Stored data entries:
_ _ _

text \<open>Multiplying the Sali\<acute>e sum by \<open>gauss_sum 1\<close> turns it into a double sum over \<open>x\<close>
  and \<open>r\<close>; the inner Kloosterman sums are then evaluated by counting square roots.\<close>

lemma gauss_sum_mult_salie_sum:
  fixes a b :: 'a
  assumes b: "b \<noteq> 0"
  shows "gauss_sum 1 * (\<Sum>r\<in>UNIV. quad_char r * chi (a * r + b / r))
       = of_nat CARD('a) * quad_char (- 4 * b) * (\<Sum>y\<in>{y. y * y = 4 * a * b}. chi y)"
proof -
  define c where "c = quad_char (- 4 * b)"
  define T where "T = {y::'a. y * y = 4 * a * b}"
  have "gauss_sum 1 * (\<Sum>r\<in>UNIV. quad_char r * chi (a * r + b / r))
      = (\<Sum>r\<in>-{0}. gauss_sum 1 * (quad_char r * chi (a * r + b / r)))"
    using sum_UNIV_remove_0[of "\<lambda>r. gauss_sum 1 * (quad_char r * chi (a * r + b / r))"]
    by (simp add: sum_distrib_left)
  also have "\<dots> = (\<Sum>r\<in>-{0}. gauss_sum r * chi (a * r + b / r))"
  proof (intro sum.cong refl)
    fix r :: 'a assume "r \<in> -{0}"
    then show "gauss_sum 1 * (quad_char r * chi (a * r + b / r)) = gauss_sum r * chi (a * r + b / r)"
      using gauss_sum_eq_quad_char_mult[of r] by simp
  qed
  also have "\<dots> = (\<Sum>r\<in>-{0}. \<Sum>x\<in>UNIV. chi ((x * x + a) * r + b / r))"
    unfolding gauss_sum_def sum_distrib_right
    by (intro sum.cong refl) (simp add: chi_add[symmetric] algebra_simps)
  also have "\<dots> = (\<Sum>x\<in>UNIV. \<Sum>y\<in>UNIV. chi y * (1 + quad_char (y * y - 4 * (x * x + a) * b)))"
    by (subst sum.swap) (intro sum.cong refl kloosterman_sum_eq b)
  also have "\<dots> = (\<Sum>y\<in>UNIV. chi y * (\<Sum>x\<in>UNIV. 1 + quad_char (y * y - 4 * (x * x + a) * b)))"
    by (subst sum.swap) (simp add: sum_distrib_left)
  also have "\<dots> = (\<Sum>y\<in>UNIV. (of_nat CARD('a) - c) * chi y + (if y \<in> T then of_nat CARD('a) * c * chi y else 0))"
    unfolding sum_count_square_roots_quadratic[OF two_neq_zero b] c_def T_def
    by (intro sum.cong refl) (simp add: algebra_simps)
  also have "\<dots> = of_nat CARD('a) * c * (\<Sum>y\<in>T. chi y)"
    by (simp add: sum.distrib sum_distrib_left[symmetric] sum.If_cases sum_chi)
  finally show ?thesis unfolding T_def c_def .
qed

lemma norm_salie_sum_le:
  fixes a b :: 'a
  shows "norm (\<Sum>r\<in>UNIV. quad_char r * chi (a * r + b / r)) \<le> 2 * sqrt (real CARD('a))"
proof (cases "b = 0")
  case True
  show ?thesis
  proof (cases "a = 0")
    case True
    then show ?thesis using \<open>b = 0\<close> sum_quad_char[OF two_neq_zero] by simp
  next
    case False
    have "(\<Sum>r\<in>UNIV. quad_char r * chi (a * r + b / r)) = gauss_sum a"
      using gauss_sum_quad_char[OF False] \<open>b = 0\<close> by simp
    then show ?thesis using norm_gauss_sum[OF False] by simp
  qed
next
  case False
  define S where "S = (\<Sum>r\<in>UNIV. quad_char r * chi (a * r + b / r))"
  define T where "T = {y::'a. y * y = 4 * a * b}"
  have "norm (\<Sum>y\<in>T. chi y) \<le> real (card T)"
    using norm_sum[of chi T] by (simp add: norm_chi)
  also have "\<dots> \<le> 2" unfolding T_def using card_square_roots_le_2[OF two_neq_zero] by simp
  finally have "norm (gauss_sum 1 * S) \<le> real CARD('a) * 1 * 2"
    unfolding S_def gauss_sum_mult_salie_sum[OF False] T_def[symmetric] norm_mult
    by (intro mult_mono norm_quad_char_le) auto
  then have "sqrt (real CARD('a)) * norm S \<le> 2 * real CARD('a)"
    by (simp add: norm_mult norm_gauss_sum)
  also have "\<dots> = sqrt (real CARD('a)) * (2 * sqrt (real CARD('a)))" by simp
  finally show ?thesis unfolding S_def using mult_le_cancel_left_pos[of "sqrt (real CARD('a))"] by simp
qed

end

section \<open>Fourier analysis on \<open>\<bbbF>\<^sub>q\<^sup>d\<close>\<close>

definition vdot :: "('a::comm_ring_1) ^ 'n \<Rightarrow> 'a ^ 'n \<Rightarrow> 'a" where
  "vdot m z = (\<Sum>i\<in>UNIV. m $ i * z $ i)"

lemma vdot_diff: "vdot m (x - y) = vdot m x - vdot m y"
  by (simp add: vdot_def algebra_simps sum_subtractf)

lemma ffnorm_eq_sum_mult: "ffnorm m = (\<Sum>i\<in>UNIV. m $ i * m $ i)"
  by (simp add: ffnorm_def power2_eq_square)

_ _ _

■ About this exercise ■
Set down every entry again, word for word.

■ Answer to this problem ■
text \<open>Multiplying the Sali\<acute>e sum by \<open>gauss_sum 1\<close> turns it into a double sum over \<open>x\<close>
  and \<open>r\<close>; the inner Kloosterman sums are then evaluated by counting square roots.\<close>

lemma gauss_sum_mult_salie_sum:
  fixes a b :: 'a
  assumes b: "b \<noteq> 0"
  shows "gauss_sum 1 * (\<Sum>r\<in>UNIV. quad_char r * chi (a * r + b / r))
       = of_nat CARD('a) * quad_char (- 4 * b) * (\<Sum>y\<in>{y. y * y = 4 * a * b}. chi y)"
proof -
  define c where "c = quad_char (- 4 * b)"
  define T where "T = {y::'a. y * y = 4 * a * b}"
  have "gauss_sum 1 * (\<Sum>r\<in>UNIV. quad_char r * chi (a * r + b / r))
      = (\<Sum>r\<in>-{0}. gauss_sum 1 * (quad_char r * chi (a * r + b / r)))"
    using sum_UNIV_remove_0[of "\<lambda>r. gauss_sum 1 * (quad_char r * chi (a * r + b / r))"]
    by (simp add: sum_distrib_left)
  also have "\<dots> = (\<Sum>r\<in>-{0}. gauss_sum r * chi (a * r + b / r))"
  proof (intro sum.cong refl)
    fix r :: 'a assume "r \<in> -{0}"
    then show "gauss_sum 1 * (quad_char r * chi (a * r + b / r)) = gauss_sum r * chi (a * r + b / r)"
      using gauss_sum_eq_quad_char_mult[of r] by simp
  qed
  also have "\<dots> = (\<Sum>r\<in>-{0}. \<Sum>x\<in>UNIV. chi ((x * x + a) * r + b / r))"
    unfolding gauss_sum_def sum_distrib_right
    by (intro sum.cong refl) (simp add: chi_add[symmetric] algebra_simps)
  also have "\<dots> = (\<Sum>x\<in>UNIV. \<Sum>y\<in>UNIV. chi y * (1 + quad_char (y * y - 4 * (x * x + a) * b)))"
    by (subst sum.swap) (intro sum.cong refl kloosterman_sum_eq b)
  also have "\<dots> = (\<Sum>y\<in>UNIV. chi y * (\<Sum>x\<in>UNIV. 1 + quad_char (y * y - 4 * (x * x + a) * b)))"
    by (subst sum.swap) (simp add: sum_distrib_left)
  also have "\<dots> = (\<Sum>y\<in>UNIV. (of_nat CARD('a) - c) * chi y + (if y \<in> T then of_nat CARD('a) * c * chi y else 0))"
    unfolding sum_count_square_roots_quadratic[OF two_neq_zero b] c_def T_def
    by (intro sum.cong refl) (simp add: algebra_simps)
  also have "\<dots> = of_nat CARD('a) * c * (\<Sum>y\<in>T. chi y)"
    by (simp add: sum.distrib sum_distrib_left[symmetric] sum.If_cases sum_chi)
  finally show ?thesis unfolding T_def c_def .
qed

lemma norm_salie_sum_le:
  fixes a b :: 'a
  shows "norm (\<Sum>r\<in>UNIV. quad_char r * chi (a * r + b / r)) \<le> 2 * sqrt (real CARD('a))"
proof (cases "b = 0")
  case True
  show ?thesis
  proof (cases "a = 0")
    case True
    then show ?thesis using \<open>b = 0\<close> sum_quad_char[OF two_neq_zero] by simp
  next
    case False
    have "(\<Sum>r\<in>UNIV. quad_char r * chi (a * r + b / r)) = gauss_sum a"
      using gauss_sum_quad_char[OF False] \<open>b = 0\<close> by simp
    then show ?thesis using norm_gauss_sum[OF False] by simp
  qed
next
  case False
  define S where "S = (\<Sum>r\<in>UNIV. quad_char r * chi (a * r + b / r))"
  define T where "T = {y::'a. y * y = 4 * a * b}"
  have "norm (\<Sum>y\<in>T. chi y) \<le> real (card T)"
    using norm_sum[of chi T] by (simp add: norm_chi)
  also have "\<dots> \<le> 2" unfolding T_def using card_square_roots_le_2[OF two_neq_zero] by simp
  finally have "norm (gauss_sum 1 * S) \<le> real CARD('a) * 1 * 2"
    unfolding S_def gauss_sum_mult_salie_sum[OF False] T_def[symmetric] norm_mult
    by (intro mult_mono norm_quad_char_le) auto
  then have "sqrt (real CARD('a)) * norm S \<le> 2 * real CARD('a)"
    by (simp add: norm_mult norm_gauss_sum)
  also have "\<dots> = sqrt (real CARD('a)) * (2 * sqrt (real CARD('a)))" by simp
  finally show ?thesis unfolding S_def using mult_le_cancel_left_pos[of "sqrt (real CARD('a))"] by simp
qed

end

section \<open>Fourier analysis on \<open>\<bbbF>\<^sub>q\<^sup>d\<close>\<close>

definition vdot :: "('a::comm_ring_1) ^ 'n \<Rightarrow> 'a ^ 'n \<Rightarrow> 'a" where
  "vdot m z = (\<Sum>i\<in>UNIV. m $ i * z $ i)"

lemma vdot_diff: "vdot m (x - y) = vdot m x - vdot m y"
  by (simp add: vdot_def algebra_simps sum_subtractf)

lemma ffnorm_eq_sum_mult: "ffnorm m = (\<Sum>i\<in>UNIV. m $ i * m $ i)"
  by (simp add: ffnorm_def power2_eq_square)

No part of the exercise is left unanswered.